MATERIAL TO PROCESS Start Marker
(* For $n\in\mathbb{N}_{\geq 1}$ let $c_n$ denote the minimal Colless index among all rooted binary trees with $n$ leaves. Then $c_1=c_2=0$, and for all $n\in\mathbb{N}_{\geq 1}$, $$c_{2n}=2c_n,\qquad c_{2n+1}=c_{n+1}+c_n+1.$$
   Context: A rooted binary tree with $n\geq 2$ leaves is a rooted tree whose root has degree 2 and all other internal (non-leaf) nodes have degree 3; for $n=1$ it is a single node (which is both root and leaf). For an internal node $v$ with children $v_1,v_2$, let $\kappa(v_i)$ be the number of leaves descending from $v_i$ (with $\kappa(v_i)=1$ if $v_i$ is a leaf). The Colless index of a rooted binary tree $T$ is $\mathcal{C}(T)=\sum_{v}|\kappa(v_1)-\kappa(v_2)|$, the sum over all internal nodes $v$ of $T$. *)

theory Defs
  imports Main
begin

text \<open>Rooted binary trees (shapes): a leaf, or an internal node with two children.
  Child order is irrelevant for the Colless index.\<close>
datatype btree = Leaf | Node btree btree

fun leaves :: "btree \<Rightarrow> nat" where
  "leaves Leaf = 1"
| "leaves (Node l r) = leaves l + leaves r"

fun colless :: "btree \<Rightarrow> int" where
  "colless Leaf = 0"
| "colless (Node l r) = \<bar>int (leaves l) - int (leaves r)\<bar> + colless l + colless r"

definition min_colless :: "nat \<Rightarrow> int" where
  "min_colless n = Min (colless ` {t. leaves t = n})"

end

theory Submission
  imports Defs
begin

text \<open>The minimum is attained by the maximally balanced tree, which splits \<open>n\<close> leaves into
  \<open>\<lceil>n/2\<rceil>\<close> and \<open>\<lfloor>n/2\<rfloor>\<close> at every node; its Colless index \<open>c n\<close> satisfies the two recursions
  directly. Conversely, a tree whose root splits \<open>a + b\<close> leaves into \<open>a\<close> and \<open>b\<close> has Colless
  index at least \<open>c (a + b)\<close> by induction on the tree, because
  \<open>c (a + b) \<le> c a + c b + \<bar>a - b\<bar>\<close>. This inequality follows by strong induction on \<open>a + b\<close>:
  write \<open>a\<close> and \<open>b\<close> as \<open>2x\<close> or \<open>2x + 1\<close>, expand both sides with the recursions, and apply
  the induction hypothesis to pairs of halves.\<close>

lemma leaves_pos: "0 < leaves t"
  by (induction t) auto

lemma finite_leaves_le: "finite {t. leaves t \<le> n}"
proof (induction n)
  case 0
  have "{t. leaves t \<le> 0} = {}"
    using leaves_pos leD by blast
  then show ?case
    by (metis finite.emptyI)
next
  case (Suc n)
  have "{t. leaves t \<le> Suc n} \<subseteq> insert Leaf (case_prod Node ` ({t. leaves t \<le> n} \<times> {t. leaves t \<le> n}))"
  proof
    fix t assume t: "t \<in> {t. leaves t \<le> Suc n}"
    show "t \<in> insert Leaf (case_prod Node ` ({t. leaves t \<le> n} \<times> {t. leaves t \<le> n}))"
    proof (cases t)
      case (Node l r)
      with t have "(l, r) \<in> {t. leaves t \<le> n} \<times> {t. leaves t \<le> n}"
        using leaves_pos[of l] leaves_pos[of r] by auto
      then show ?thesis
        using Node by force
    qed simp
  qed
  then show ?case
    using Suc finite_subset by blast
qed

fun max_balanced :: "nat \<Rightarrow> btree" where
  "max_balanced n =
    (if n \<le> 1 then Leaf else Node (max_balanced ((n + 1) div 2)) (max_balanced (n div 2)))"

declare max_balanced.simps [simp del]

lemma leaves_max_balanced: "n \<ge> 1 \<Longrightarrow> leaves (max_balanced n) = n"
proof (induction n rule: max_balanced.induct)
  case (1 n)
  then show ?case
    by (subst max_balanced.simps) (auto simp del: One_nat_def)
qed

lemma max_balanced_double:
  "n \<ge> 1 \<Longrightarrow> max_balanced (2 * n) = Node (max_balanced n) (max_balanced n)"
  by (subst max_balanced.simps) simp

lemma max_balanced_odd:
  "n \<ge> 1 \<Longrightarrow> max_balanced (2 * n + 1) = Node (max_balanced (n + 1)) (max_balanced n)"
  by (subst max_balanced.simps) simp

definition balanced_colless :: "nat \<Rightarrow> int" where
  "balanced_colless n = colless (max_balanced n)"

lemma balanced_colless_le_1 [simp]: "n \<le> 1 \<Longrightarrow> balanced_colless n = 0"
  by (simp add: balanced_colless_def max_balanced.simps)

lemma balanced_colless_double: "balanced_colless (2 * n) = 2 * balanced_colless n"
proof (cases "n \<ge> 1")
  case True
  then show ?thesis
    by (simp add: balanced_colless_def max_balanced_double)
qed simp

lemma balanced_colless_odd:
  "balanced_colless (2 * n + 1) = balanced_colless (n + 1) + balanced_colless n + of_bool (n \<ge> 1)"
proof (cases "n \<ge> 1")
  case True
  then show ?thesis
    unfolding balanced_colless_def max_balanced_odd[OF True] by (simp add: leaves_max_balanced)
qed simp

lemma balanced_colless_add_le_even_even:
  assumes "balanced_colless (x + y) \<le> balanced_colless x + balanced_colless y + \<bar>int x - int y\<bar>"
  shows "balanced_colless (2 * x + 2 * y)
    \<le> balanced_colless (2 * x) + balanced_colless (2 * y) + \<bar>int (2 * x) - int (2 * y)\<bar>"
proof -
  have "balanced_colless (2 * x + 2 * y) = 2 * balanced_colless (x + y)"
    using balanced_colless_double[of "x + y"] by (simp add: distrib_left)
  also have "\<dots> \<le> 2 * (balanced_colless x + balanced_colless y + \<bar>int x - int y\<bar>)"
    using assms by simp
  also have "\<dots> = balanced_colless (2 * x) + balanced_colless (2 * y) + \<bar>int (2 * x) - int (2 * y)\<bar>"
    by (auto simp: balanced_colless_double abs_if)
  finally show ?thesis .
qed

lemma balanced_colless_add_le_even_odd:
  assumes "x \<ge> 1"
    and "balanced_colless (x + (y + 1))
      \<le> balanced_colless x + balanced_colless (y + 1) + \<bar>int x - int (y + 1)\<bar>"
    and "balanced_colless (x + y) \<le> balanced_colless x + balanced_colless y + \<bar>int x - int y\<bar>"
  shows "balanced_colless (2 * x + (2 * y + 1))
    \<le> balanced_colless (2 * x) + balanced_colless (2 * y + 1) + \<bar>int (2 * x) - int (2 * y + 1)\<bar>"
proof -
  have odd_sum: "balanced_colless (2 * x + (2 * y + 1))
      = balanced_colless (x + (y + 1)) + balanced_colless (x + y) + 1"
    using balanced_colless_odd[of "x + y"] assms(1) by (simp add: add.assoc)
  show ?thesis
  proof (cases "y = 0")
    case True
    \<comment> \<open>the bound for (x, 0) is too weak by one here; the slack in \<open>\<bar>2 x - 1\<bar> \<ge> x\<close> pays for it\<close>
    then show ?thesis
      using odd_sum assms(1,2) by (simp add: balanced_colless_double)
  next
    case False
    have "balanced_colless (2 * y + 1) = balanced_colless (y + 1) + balanced_colless y + 1"
      using False balanced_colless_odd[of y] by simp
    moreover have "\<bar>int x - int (y + 1)\<bar> + \<bar>int x - int y\<bar> = \<bar>int (2 * x) - int (2 * y + 1)\<bar>"
      by arith
    ultimately show ?thesis
      using odd_sum assms(2,3) balanced_colless_double[of x] by linarith
  qed
qed

lemma balanced_colless_add_le_odd_odd:
  assumes "balanced_colless (x + 1 + y)
      \<le> balanced_colless (x + 1) + balanced_colless y + \<bar>int (x + 1) - int y\<bar>"
    and "balanced_colless (x + (y + 1))
      \<le> balanced_colless x + balanced_colless (y + 1) + \<bar>int x - int (y + 1)\<bar>"
  shows "balanced_colless (2 * x + 1 + (2 * y + 1))
    \<le> balanced_colless (2 * x + 1) + balanced_colless (2 * y + 1)
      + \<bar>int (2 * x + 1) - int (2 * y + 1)\<bar>"
proof (cases "x = 0 \<and> y = 0")
  case True
  then show ?thesis
    using balanced_colless_double[of 1] by (simp add: numeral_2_eq_2)
next
  case False
  have "balanced_colless (2 * x + 1 + (2 * y + 1))
      = balanced_colless (x + 1 + y) + balanced_colless (x + (y + 1))"
    using balanced_colless_double[of "x + y + 1"] by (simp add: algebra_simps)
  also have "\<dots> \<le> (balanced_colless (x + 1) + balanced_colless y + \<bar>int (x + 1) - int y\<bar>)
      + (balanced_colless x + balanced_colless (y + 1) + \<bar>int x - int (y + 1)\<bar>)"
    using assms by simp
  also have "\<dots> \<le> balanced_colless (2 * x + 1) + balanced_colless (2 * y + 1)
      + \<bar>int (2 * x + 1) - int (2 * y + 1)\<bar>"
    using False balanced_colless_odd[of x] balanced_colless_odd[of y] by auto
  finally show ?thesis .
qed

lemma balanced_colless_add_le:
  "balanced_colless (a + b) \<le> balanced_colless a + balanced_colless b + \<bar>int a - int b\<bar>"
proof (induction "a + b" arbitrary: a b rule: less_induct)
  case less
  show ?case
  proof (cases "a = 0 \<or> b = 0")
    case True
    then show ?thesis by auto
  next
    case False
    consider "even a" "even b" | "even a" "odd b" | "odd a" "even b" | "odd a" "odd b"
      by blast
    then show ?thesis
    proof cases
      case 1
      then obtain x y where "a = 2 * x" "b = 2 * y"
        by (blast elim: evenE)
      with False show ?thesis
        using less[of x y] balanced_colless_add_le_even_even[of x y] by simp
    next
      case 2
      then obtain x y where "a = 2 * x" "b = 2 * y + 1"
        by (blast elim: evenE oddE)
      with False show ?thesis
        using less[of x "y + 1"] less[of x y] balanced_colless_add_le_even_odd[of x y] by simp
    next
      case 3
      then obtain x y where "a = 2 * y + 1" "b = 2 * x"
        by (blast elim: evenE oddE)
      with False show ?thesis
        using less[of x "y + 1"] less[of x y] balanced_colless_add_le_even_odd[of x y]
        by (simp add: ac_simps abs_minus_commute)
    next
      case 4
      then obtain x y where "a = 2 * x + 1" "b = 2 * y + 1"
        by (blast elim: oddE)
      then show ?thesis
        using less[of "x + 1" y] less[of x "y + 1"] balanced_colless_add_le_odd_odd[of x y] by simp
    qed
  qed
qed

lemma balanced_colless_le_colless: "balanced_colless (leaves t) \<le> colless t"
proof (induction t)
  case (Node l r)
  then show ?case
    using balanced_colless_add_le[of "leaves l" "leaves r"] by simp
qed simp

lemma min_colless_eq_balanced_colless:
  assumes "n \<ge> 1"
  shows "min_colless n = balanced_colless n"
  unfolding min_colless_def
proof (rule Min_eqI)
  have "{t. leaves t = n} \<subseteq> {t. leaves t \<le> n}"
    by auto
  then show "finite (colless ` {t. leaves t = n})"
    using finite_leaves_le finite_subset by blast
  show "y \<ge> balanced_colless n" if "y \<in> colless ` {t. leaves t = n}" for y
    using that balanced_colless_le_colless by auto
  show "balanced_colless n \<in> colless ` {t. leaves t = n}"
    using assms leaves_max_balanced unfolding balanced_colless_def by blast
qed

theorem theorem1:
  shows "min_colless 1 = 0 \<and> min_colless 2 = 0 \<and>
    (\<forall>n::nat. n \<ge> 1 \<longrightarrow>
       min_colless (2 * n) = 2 * min_colless n \<and>
       min_colless (2 * n + 1) = min_colless (n + 1) + min_colless n + 1)"
  using min_colless_eq_balanced_colless balanced_colless_double[of 1]
    balanced_colless_double balanced_colless_odd
  by simp

end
MATERIAL TO PROCESS End Marker
*WHAT THIS TASK INVOLVES*:
Above are some records. Copy each of their lines that holds the string "definition".

*SOLUTION TO THIS TASK*:
definition min_colless :: "nat \<Rightarrow> int" where
definition balanced_colless :: "nat \<Rightarrow> int" where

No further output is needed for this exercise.